Swan 57 RS

Development
- Designer: Germán Frers
- Location: Finland
- Year: 1996
- No. built: 10
- Builder: Oy Nautor AB
- Role: Cruiser
- Name: Swan 57 RS

Boat
- Displacement: 54,013 lb (24,500 kg)
- Draft: 7.55 ft (2.30 m)

Hull
- Type: monohull
- Construction: glassfibre
- LOA: 57.38 ft (17.49 m)
- LWL: 44.52 ft (13.57 m)
- Beam: 15.91 ft (4.85 m)
- Engine: Perkins Engines 125 hp (93 kW) diesel engine

Hull appendages
- Keel: Fin keel
- Ballast: 20,348 lb (9,230 kg)
- Rudder: Spade-type rudder

Rig
- Rig type: Bermuda rig
- I foretriangle height: 69.39 ft (21.15 m)
- J foretriangle base: 20.67 ft (6.30 m)
- P mainsail luff: 61.22 ft (18.66 m)
- E mainsail foot: 20.67 ft (6.30 m)

Sails
- Sailplan: Masthead sloop
- Mainsail area: 632.71 sq ft (58.781 m^{2})
- Jib/genoa area: 717.15 sq ft (66.625 m^{2})
- Total sail area: 1,349.86 sq ft (125.406 m^{2})

Racing
- PHRF: 42-45

= Swan 57 RS =

Sailboat class

The Swan 57 RS (Raised Salon) is a Finnish sailboat that was designed by Germán Frers as a cruiser and first built in 1996.

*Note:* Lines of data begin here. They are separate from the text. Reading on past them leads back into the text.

(* Let $1<v_0<n$ and let $(C,\mathfrak p,\mathfrak d)$ be a regular $q$-cycle coalgebra with $\mathfrak d=\mathfrak p$, $\mathfrak p_{10}^1=1$, $\mathfrak p_{1i}^1=0$ for $0<i<v_0$, and $\mathfrak p_{1,v_0}^1\ne0$. Then $\mathfrak p_{j0}^k=\delta_{kj}$ for all $j,k\in\{0,\dots,n-1\}$.
   Context: $K$ is an algebraically closed field of characteristic $0$ and $n\ge2$. $C$ is the coalgebra dual to $K[y]/\langle y^n\rangle$: basis $x_0,\dots,x_{n-1}$, $\Delta(x_i)=\sum_{j+k=i}x_j\otimes x_k$, $\epsilon(x_i)=\delta_{i0}$; $C\otimes C$ has the tensor product coalgebra structure; Sweedler notation $\Delta(b)=b_{(1)}\otimes b_{(2)}$. For linear maps $\mathfrak p,\mathfrak d\colon C\otimes C\to C$ write $a\cdot b=\mathfrak p(a\otimes b)$, $a:b=\mathfrak d(a\otimes b)$, $\mathfrak p(x_i\otimes x_j)=\sum_{k=0}^{n-1}\mathfrak p_{ij}^kx_k$, $\mathfrak d(x_i\otimes x_j)=\sum_{k=0}^{n-1}\mathfrak d_{ij}^kx_k$. A triple $(C,\mathfrak p,\mathfrak d)$ with $\mathfrak p,\mathfrak d$ coalgebra morphisms is a regular $q$-magma coalgebra if there are coalgebra morphisms $a\otimes b\mapsto a^b$, $a\otimes b\mapsto a_b$ from $C\otimes C$ to $C$ with $a^{b_{(1)}}\cdot b_{(2)}=(a\cdot b_{(1)})^{b_{(2)}}=\epsilon(b)a$ and $(a:b_{(2)})_{b_{(1)}}=a_{b_{(2)}}:b_{(1)}=\epsilon(b)a$. It is a regular $q$-cycle coalgebra if moreover for all $a,b,c$: (1) $(a\cdot b_{(1)})\cdot(c:b_{(2)})=(a\cdot c_{(2)})\cdot(b\cdot c_{(1)})$; (2) $(a\cdot b_{(1)}):(c\cdot b_{(2)})=(a:c_{(2)})\cdot(b:c_{(1)})$; (3) $(a:b_{(1)}):(c:b_{(2)})=(a:c_{(2)}):(b\cdot c_{(1)})$. *)

theory Defs
  imports "HOL-Computational_Algebra.Polynomial"
begin

text \<open>Coordinates: C has basis x_0..x_{n-1}.  A linear map f : C \<otimes> C \<rightarrow> C is given by
  its structure constants f i j k = f_{ij}^k, i.e. f(x_i \<otimes> x_j) = \<Sum>_{k<n} f_{ij}^k x_k.
  All conditions are linear (resp. multilinear) in their arguments, so they are stated on
  basis elements.  Delta(x_i) = \<Sum>_{s+t=i} x_s \<otimes> x_t, eps(x_i) = delta_{i0}.\<close>

definition alg_closed_type :: "'a::field itself \<Rightarrow> bool" where
  "alg_closed_type _ \<longleftrightarrow> (\<forall>q :: 'a poly. degree q > 0 \<longrightarrow> (\<exists>x. poly q x = 0))"

definition kdelta :: "nat \<Rightarrow> nat \<Rightarrow> 'a::field" where
  "kdelta i j = (if i = j then 1 else 0)"

text \<open>f : C \<otimes> C \<rightarrow> C is a coalgebra morphism (C \<otimes> C with tensor product coalgebra
  structure): Delta(f(x_i \<otimes> x_j)) = (f \<otimes> f)(Delta(x_i \<otimes> x_j)) and eps(f(x_i \<otimes> x_j)) = eps(x_i)eps(x_j),
  compared coefficientwise at x_u \<otimes> x_v.\<close>
definition coalg_morph2 :: "nat \<Rightarrow> (nat \<Rightarrow> nat \<Rightarrow> nat \<Rightarrow> 'a::field) \<Rightarrow> bool" where
  "coalg_morph2 n f \<longleftrightarrow>
     (\<forall>i<n. \<forall>j<n. \<forall>u<n. \<forall>v<n.
        (if u + v < n then f i j (u + v) else 0) =
        (\<Sum>a\<le>i. \<Sum>c\<le>j. f a c u * f (i - a) (j - c) v)) \<and>
     (\<forall>i<n. \<forall>j<n. f i j 0 = kdelta i 0 * kdelta j 0)"

text \<open>Regular q-magma coalgebra.  L i j k = coefficients of x_i^{x_j},
  R i j k = coefficients of (x_i)_{x_j}.\<close>
definition regular_q_magma_coalg ::
  "nat \<Rightarrow> (nat \<Rightarrow> nat \<Rightarrow> nat \<Rightarrow> 'a::field) \<Rightarrow> (nat \<Rightarrow> nat \<Rightarrow> nat \<Rightarrow> 'a) \<Rightarrow> bool" where
  "regular_q_magma_coalg n p d \<longleftrightarrow>
     coalg_morph2 n p \<and> coalg_morph2 n d \<and>
     (\<exists>L R. coalg_morph2 n L \<and> coalg_morph2 n R \<and>
       (\<forall>i<n. \<forall>j<n. \<forall>k<n.
          \<comment> \<open>a^{b_(1)} . b_(2) = eps(b) a\<close>
          (\<Sum>s\<le>j. \<Sum>m<n. L i s m * p m (j - s) k) = kdelta j 0 * kdelta i k \<and>
          \<comment> \<open>(a . b_(1))^{b_(2)} = eps(b) a\<close>
          (\<Sum>s\<le>j. \<Sum>m<n. p i s m * L m (j - s) k) = kdelta j 0 * kdelta i k \<and>
          \<comment> \<open>(a : b_(2))_{b_(1)} = eps(b) a\<close>
          (\<Sum>s\<le>j. \<Sum>m<n. d i (j - s) m * R m s k) = kdelta j 0 * kdelta i k \<and>
          \<comment> \<open>a_{b_(2)} : b_(1) = eps(b) a\<close>
          (\<Sum>s\<le>j. \<Sum>m<n. R i (j - s) m * d m s k) = kdelta j 0 * kdelta i k))"

definition regular_q_cycle_coalg ::
  "nat \<Rightarrow> (nat \<Rightarrow> nat \<Rightarrow> nat \<Rightarrow> 'a::field) \<Rightarrow> (nat \<Rightarrow> nat \<Rightarrow> nat \<Rightarrow> 'a) \<Rightarrow> bool" where
  "regular_q_cycle_coalg n p d \<longleftrightarrow>
     regular_q_magma_coalg n p d \<and>
     (\<forall>i<n. \<forall>j<n. \<forall>l<n. \<forall>k<n.
        \<comment> \<open>(1) (a . b_(1)) . (c : b_(2)) = (a . c_(2)) . (b . c_(1))\<close>
        (\<Sum>s\<le>j. \<Sum>m<n. \<Sum>m'<n. p i s m * d l (j - s) m' * p m m' k) =
        (\<Sum>s\<le>l. \<Sum>m<n. \<Sum>m'<n. p i (l - s) m * p j s m' * p m m' k) \<and>
        \<comment> \<open>(2) (a . b_(1)) : (c . b_(2)) = (a : c_(2)) . (b : c_(1))\<close>
        (\<Sum>s\<le>j. \<Sum>m<n. \<Sum>m'<n. p i s m * p l (j - s) m' * d m m' k) =
        (\<Sum>s\<le>l. \<Sum>m<n. \<Sum>m'<n. d i (l - s) m * d j s m' * p m m' k) \<and>
        \<comment> \<open>(3) (a : b_(1)) : (c : b_(2)) = (a : c_(2)) : (b . c_(1))\<close>
        (\<Sum>s\<le>j. \<Sum>m<n. \<Sum>m'<n. d i s m * d l (j - s) m' * d m m' k) =
        (\<Sum>s\<le>l. \<Sum>m<n. \<Sum>m'<n. d i (l - s) m * p j s m' * d m m' k))"

end

theory Submission
  imports Defs
begin

(* Dually, p is the algebra map K[y]/(y^n) -> K[X,Y]/(X^n,Y^n) sending y to
   f = sum p_{ac}^1 X^a Y^c, so p i j m is the coefficient of X^i Y^j in f^m, and f^n = 0.
   Each step compares lowest-order terms of powers of f.  Nilpotency forces f(0,0) = 0 and,
   as f = X + ..., excludes pure Y-terms: the lowest one, c Y^t, would give the coefficient
   n c of X^(n-1) Y^t in f^n.  Reading axiom (1) with d = p at the coefficient of x_1 on
   suitable low-degree monomials shows, by induction on the degree, that f has no mixed terms
   of degree at most v0, and then that a lowest pure X-term c X^r with r > 1 would force
   (r - 1) p_{1 v0}^1 = 0.  Hence f(X,0) = X, and p_{j0}^k, the coefficient of X^j in X^k,
   is delta_{jk}. *)

lemma sum_eq_sum_over_support:
  assumes "finite A" "S \<subseteq> A" "\<And>x. x \<in> A \<Longrightarrow> g x \<noteq> 0 \<Longrightarrow> x \<in> S"
  shows "sum g A = sum g S"
  using assms by (intro sum.mono_neutral_right) auto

The design is sometimes confused with the unrelated 1977 Sparkman & Stephens Swan 57 or the 1990 Swan 57CC Frers designs.

==Production==
The design was built by Oy Nautor AB in Finland, from 1996 until 2001, with ten boats completed, but it is now out of production.

==Design==
The Swan 57 RS is a recreational keelboat, built predominantly of glassfibre, with wood trim. It has a masthead sloop rig with three sets of spreaders, a raked stem, a reverse transom, an internally mounted spade-type rudder controlled by a wheel and a fixed fin keel or optional stub keel and centreboard. It has a raised salon coach house to provide additional light and headroom below decks. It displaces 54013 lb and carries 20348 lb of ballast.

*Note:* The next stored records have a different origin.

(* Let $k,n$ be positive integers with $k\leqslant n$ and let $C\in\mathrm{Conf}([n]^k_<)$ be a shelling order. Then its evacuation $\epsilon_D C$ is a shelling order.
   Context: $[n]:=\{1,\ldots,n\}$; $[n]^k_<$ denotes the set of $k$-element subsets of $[n]$. $\mathrm{Conf}([n]^k_<)$ is the set of tuples $C=(C_1,\ldots,C_h)$, $h\geqslant1$, of pairwise distinct elements of $[n]^k_<$. $C$ is a shelling order if for all $i<j$ in $[h]$ there exists $z<j$ with $|C_z\cap C_j|=k-1$ and $C_i\cap C_j\subseteq C_z\cap C_j$. The dual graph $D(C)$ is the graph on $[h]$ with $\{i,j\}$ an edge iff $|C_i\cap C_j|=k-1$. For a graph $G$ on $[h]$, its track $T_G=\{v_1,\ldots,v_r\}$ is defined by $v_1=1$ and, for $i\geqslant2$, $v_i=\min\{j\in[h]: j>v_{i-1},\ \{v_{i-1},j\}\text{ an edge}\}$ if this exists, otherwise $r=i-1$. The promotion $\partial_G\in S_h$ is given by $\partial_G(i)=i-1$ for $i\notin T_G$, $\partial_G(v_j)=v_{j+1}-1$ for $j\in[r-1]$, $\partial_G(v_r)=h$. For $\sigma\in S_h$, $\sigma C:=(C_{\sigma^{-1}(1)},\ldots,C_{\sigma^{-1}(h)})$, and $\partial_D C:=\partial_{D(C)}C$. For $r\in[h]$, the $r$-promotion is $\partial_{r,D}C:=(\partial_D(C_1,\ldots,C_r),C_{r+1},\ldots,C_h)$, i.e. promotion applied to the prefix of length $r$ followed by the unchanged remaining entries. The evacuation is $\epsilon_D C:=(\partial_{2,D}\circ\cdots\circ\partial_{h-1,D}\circ\partial_{h,D})(C)$. *)

theory Defs
  imports Main
begin

(* Configurations are lists of k-subsets of [n]; the paper's C_i (1-based) is C ! (i - 1). *)

definition kset :: "nat \<Rightarrow> nat \<Rightarrow> nat set set" where
  "kset n k = {A. A \<subseteq> {1..n} \<and> card A = k}"

definition Conf :: "nat \<Rightarrow> nat \<Rightarrow> nat set list set" where
  "Conf n k = {C. length C \<ge> 1 \<and> distinct C \<and> set C \<subseteq> kset n k}"

definition ent :: "'a list \<Rightarrow> nat \<Rightarrow> 'a" where
  "ent C i = C ! (i - 1)"

definition shelling :: "nat \<Rightarrow> nat set list \<Rightarrow> bool" where
  "shelling k C \<longleftrightarrow>
     (\<forall>i j. 1 \<le> i \<and> i < j \<and> j \<le> length C \<longrightarrow>
        (\<exists>z. 1 \<le> z \<and> z < j \<and> card (ent C z \<inter> ent C j) = k - 1
              \<and> ent C i \<inter> ent C j \<subseteq> ent C z \<inter> ent C j))"

definition dual :: "nat \<Rightarrow> nat set list \<Rightarrow> nat \<Rightarrow> nat \<Rightarrow> bool" where
  "dual k C i j \<longleftrightarrow> 1 \<le> i \<and> i \<le> length C \<and> 1 \<le> j \<and> j \<le> length C \<and> i \<noteq> j
      \<and> card (ent C i \<inter> ent C j) = k - 1"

The boat has a draft of 7.55 ft with the standard fin keel.

The boat is fitted with a British Perkins Engines diesel engine of 125 hp for docking and manoeuvring. The fuel tank holds 277 u.s.gal and the fresh water tank has a capacity of 272 u.s.gal.

The design was built with several different interior layouts. Typical is one that has sleeping accommodation for six people, with a double "V"-berth in the bow cabin, a forward cabin with two bunk beds, a U-shaped settee in the main cabin and an aft cabin with a central double island berth. The galley is located on the starboard side abeam the companionway ladder. The galley is L-shaped and is equipped with a four-burner stove, an ice box and a sink. A navigation station is forward of the galley, on the starboard side. There are two heads, one amidships on the starboard side and one on the port side in the aft cabin.

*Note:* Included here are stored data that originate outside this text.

(* In the setting described in the context (in particular $b\ge1000\log^2n$), with $\overline\mu=\overline x\,\overline s$ and $\overline\mu^{\mathrm{new}}=(\overline x+\widehat\delta_x)(\overline s+\widehat\delta_s)$: 1. $\|\mathbb E[\overline\mu^{-1}(\overline\mu^{\mathrm{new}}-\overline\mu-\overline\delta_t-\widetilde\delta_\Phi)]\|_2\le9\epsilon_{\mathrm{mp}}\epsilon+4\epsilon^2+2\epsilon^2\sqrt n/b$; 2. $\operatorname{Var}[\overline\mu_i^{-1}\overline\mu_i^{\mathrm{new}}]\le16\epsilon_{\mathrm{mp}}^2\epsilon^2/b+320\epsilon^4/b$ holds with probability at least $1-1/\operatorname{poly}(n)$ for all $i\in[n]$; 3. $\|\overline\mu^{-1}(\overline\mu^{\mathrm{new}}-\overline\mu)\|_\infty\le6\epsilon$ with probability at least $1-1/\operatorname{poly}(n)$; 4. $\|\mathbb E[\overline\mu^{-1}(\overline\mu^{\mathrm{new}}-\overline\mu)]\|_2\le6\epsilon+2\epsilon^2\sqrt n/b$.
   Context: Let $n\ge2$ and $A\in\mathbb{R}^{d\times n}$ have full row rank $d\le n$. Products, quotients, square roots and inverses of vectors are coordinatewise; for $u\in\mathbb{R}^n$, $U=\operatorname{diag}(u)$. For $u\in\mathbb{R}^n_{>0}$ and $v\in\mathbb{R}^n_{>0}$ (or a scalar $v>0$, identified with $v\mathbf 1$), $u\approx_\gamma v$ means $(1-\gamma)v_i\le u_i\le(1+\gamma)v_i$ for all $i$. Parameters: $\epsilon,\epsilon_{\mathrm{mp}}\in(0,10^{-4})$, $\lambda>\log n$, $b\ge1000\log^2n$; $\Phi_\lambda(r)=\sum_i\cosh(\lambda r_i)$, $\nabla\Phi_\lambda(r)=(\lambda\sinh(\lambda r_i))_i$. Let $t>0$, $t^{\mathrm{new}}=(1-\frac{\epsilon}{3\sqrt n})t$. Let $\overline x,\overline s\in\mathbb{R}^n_{>0}$, $\overline w=\overline x/\overline s$, $\overline\mu=\overline x\,\overline s$, $\overline\delta_t=(\frac{t^{\mathrm{new}}}{t}-1)\overline\mu$. Let $\widetilde w,\widetilde\mu\in\mathbb{R}^n_{>0}$ satisfy $\widetilde\mu\approx_{\epsilon_{\mathrm{mp}}}\overline\mu$, $\widetilde w\approx_{\epsilon_{\mathrm{mp}}}\overline w$, $\overline\mu\approx_{0.1}t$. Define $\widetilde x=\sqrt{\widetilde w\widetilde\mu}$, $\widetilde s=\sqrt{\widetilde\mu/\widetilde w}$, $\widetilde P=\widetilde W^{1/2}A^\top(A\widetilde WA^\top)^{-1}A\widetilde W^{1/2}$, $\widetilde\delta_t=(\frac{t^{\mathrm{new}}}{t}-1)\widetilde\mu$, $\widetilde\delta_\Phi=-\frac\epsilon2t^{\mathrm{new}}\frac{\nabla\Phi_\lambda(\widetilde\mu/t-1)}{\|\nabla\Phi_\lambda(\widetilde\mu/t-1)\|_2}$ (gradient assumed nonzero), $\widetilde\delta_\mu=\widetilde\delta_t+\widetilde\delta_\Phi$. Let $R\in\mathbb{R}^{b\times n}$ be a random subsampled randomized Hadamard transform; for every fixed $h\in\mathbb{R}^n$, every $i$ and $\delta\in(0,1)$: $\mathbb E[R^\top Rh]=h$, $\mathbb E[(R^\top Rh)_i^2]\le h_i^2+\frac1b\|h\|_2^2$, $\Pr[|(R^\top Rh)_i-h_i|>\|h\|_2\log(n/\delta)/\sqrt b]\le\delta$. Define $\widehat\delta_x=\widetilde X(\widetilde X\widetilde S)^{-1/2}(I-R^\top R\widetilde P)(\widetilde X\widetilde S)^{-1/2}\widetilde\delta_\mu$ and $\widehat\delta_s=\widetilde S(\widetilde X\widetilde S)^{-1/2}R^\top R\widetilde P(\widetilde X\widetilde S)^{-1/2}\widetilde\delta_\mu$. Expectations, variances and probabilities are over $R$. *)

theory Defs
  imports "HOL-Probability.Probability" "Jordan_Normal_Form.DL_Rank"
    "Jordan_Normal_Form.Gauss_Jordan_Elimination"
begin

no_notation vec_nth (infixl "$" 90)

definition vmul :: "real vec \<Rightarrow> real vec \<Rightarrow> real vec" where
  "vmul u v = Matrix.vec (dim_vec u) (\<lambda>i. u $ i * v $ i)"

definition vdivide :: "real vec \<Rightarrow> real vec \<Rightarrow> real vec" where
  "vdivide u v = Matrix.vec (dim_vec u) (\<lambda>i. u $ i / v $ i)"

definition vsqrt :: "real vec \<Rightarrow> real vec" where
  "vsqrt u = Matrix.vec (dim_vec u) (\<lambda>i. sqrt (u $ i))"

definition vinv :: "real vec \<Rightarrow> real vec" where
  "vinv u = Matrix.vec (dim_vec u) (\<lambda>i. 1 / u $ i)"

definition vdiag :: "real vec \<Rightarrow> real mat" where
  "vdiag u = mat_diag (dim_vec u) (\<lambda>i. u $ i)"

definition norm2 :: "real vec \<Rightarrow> real" where
  "norm2 u = sqrt (\<Sum>i<dim_vec u. (u $ i)\<^sup>2)"

definition approx_vec :: "real vec \<Rightarrow> real \<Rightarrow> real vec \<Rightarrow> bool" where
  "approx_vec u \<gamma> v \<longleftrightarrow> dim_vec u = dim_vec v \<and>
     (\<forall>i<dim_vec v. (1 - \<gamma>) * v $ i \<le> u $ i \<and> u $ i \<le> (1 + \<gamma>) * v $ i)"

definition approx_scal :: "real vec \<Rightarrow> real \<Rightarrow> real \<Rightarrow> bool" where
  "approx_scal u \<gamma> c \<longleftrightarrow> (\<forall>i<dim_vec u. (1 - \<gamma>) * c \<le> u $ i \<and> u $ i \<le> (1 + \<gamma>) * c)"

definition pos_vec :: "real vec \<Rightarrow> bool" where
  "pos_vec u \<longleftrightarrow> (\<forall>i<dim_vec u. 0 < u $ i)"

text \<open>Gradient of \<Phi>_\<lambda>(r) = \<Sum>_i cosh(\<lambda> r_i).\<close>
definition gradPhi :: "real \<Rightarrow> real vec \<Rightarrow> real vec" where
  "gradPhi lam r = Matrix.vec (dim_vec r) (\<lambda>i. lam * sinh (lam * r $ i))"

definition full_row_rank :: "nat \<Rightarrow> nat \<Rightarrow> real mat \<Rightarrow> bool" where
  "full_row_rank d n A \<longleftrightarrow> A \<in> carrier_mat d n \<and> vec_space.rank d A = d"

definition minv :: "real mat \<Rightarrow> real mat" where
  "minv M = the (mat_inverse M)"

definition projP :: "real mat \<Rightarrow> real vec \<Rightarrow> real mat" where
  "projP A w = vdiag (vsqrt w) * transpose_mat A * minv (A * vdiag w * transpose_mat A)
               * A * vdiag (vsqrt w)"

definition tnew :: "nat \<Rightarrow> real \<Rightarrow> real \<Rightarrow> real" where
  "tnew n eps t = (1 - eps / (3 * sqrt (real n))) * t"

definition delta_t :: "nat \<Rightarrow> real \<Rightarrow> real \<Rightarrow> real vec \<Rightarrow> real vec" where
  "delta_t n eps t mu = (tnew n eps t / t - 1) \<cdot>\<^sub>v mu"

definition delta_Phi :: "nat \<Rightarrow> real \<Rightarrow> real \<Rightarrow> real \<Rightarrow> real vec \<Rightarrow> real vec" where
  "delta_Phi n eps lam t mu =
     (let g = gradPhi lam (Matrix.vec (dim_vec mu) (\<lambda>i. mu $ i / t - 1))
      in (- (eps / 2) * tnew n eps t / norm2 g) \<cdot>\<^sub>v g)"

definition xtil :: "real vec \<Rightarrow> real vec \<Rightarrow> real vec" where
  "xtil w mu = vsqrt (vmul w mu)"

definition stil :: "real vec \<Rightarrow> real vec \<Rightarrow> real vec" where
  "stil w mu = vsqrt (vdivide mu w)"

definition delta_mu :: "nat \<Rightarrow> real \<Rightarrow> real \<Rightarrow> real \<Rightarrow> real vec \<Rightarrow> real vec" where
  "delta_mu n eps lam t mu = delta_t n eps t mu + delta_Phi n eps lam t mu"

The design has a hull speed of 8.94 kn and a PHRF handicap of 42 to 45.

==Operational history==
In a 2000 boats.com design review, naval architect Robert Perry wrote, "this new 57-footer from Nautor began life as a German Frers 55-footer. I think it is pretty clear, looking at the drawings, that the stern was pulled out. Still, the elegance is there, and the sheer has not suffered with the extended stern. Oftentimes the entire balance of the sheerline is thrown off when the stern is extended. We would have to look long and hard to find an ugly Swan, but the new Swan 57RS does break from the accepted Swan wedge-type deck."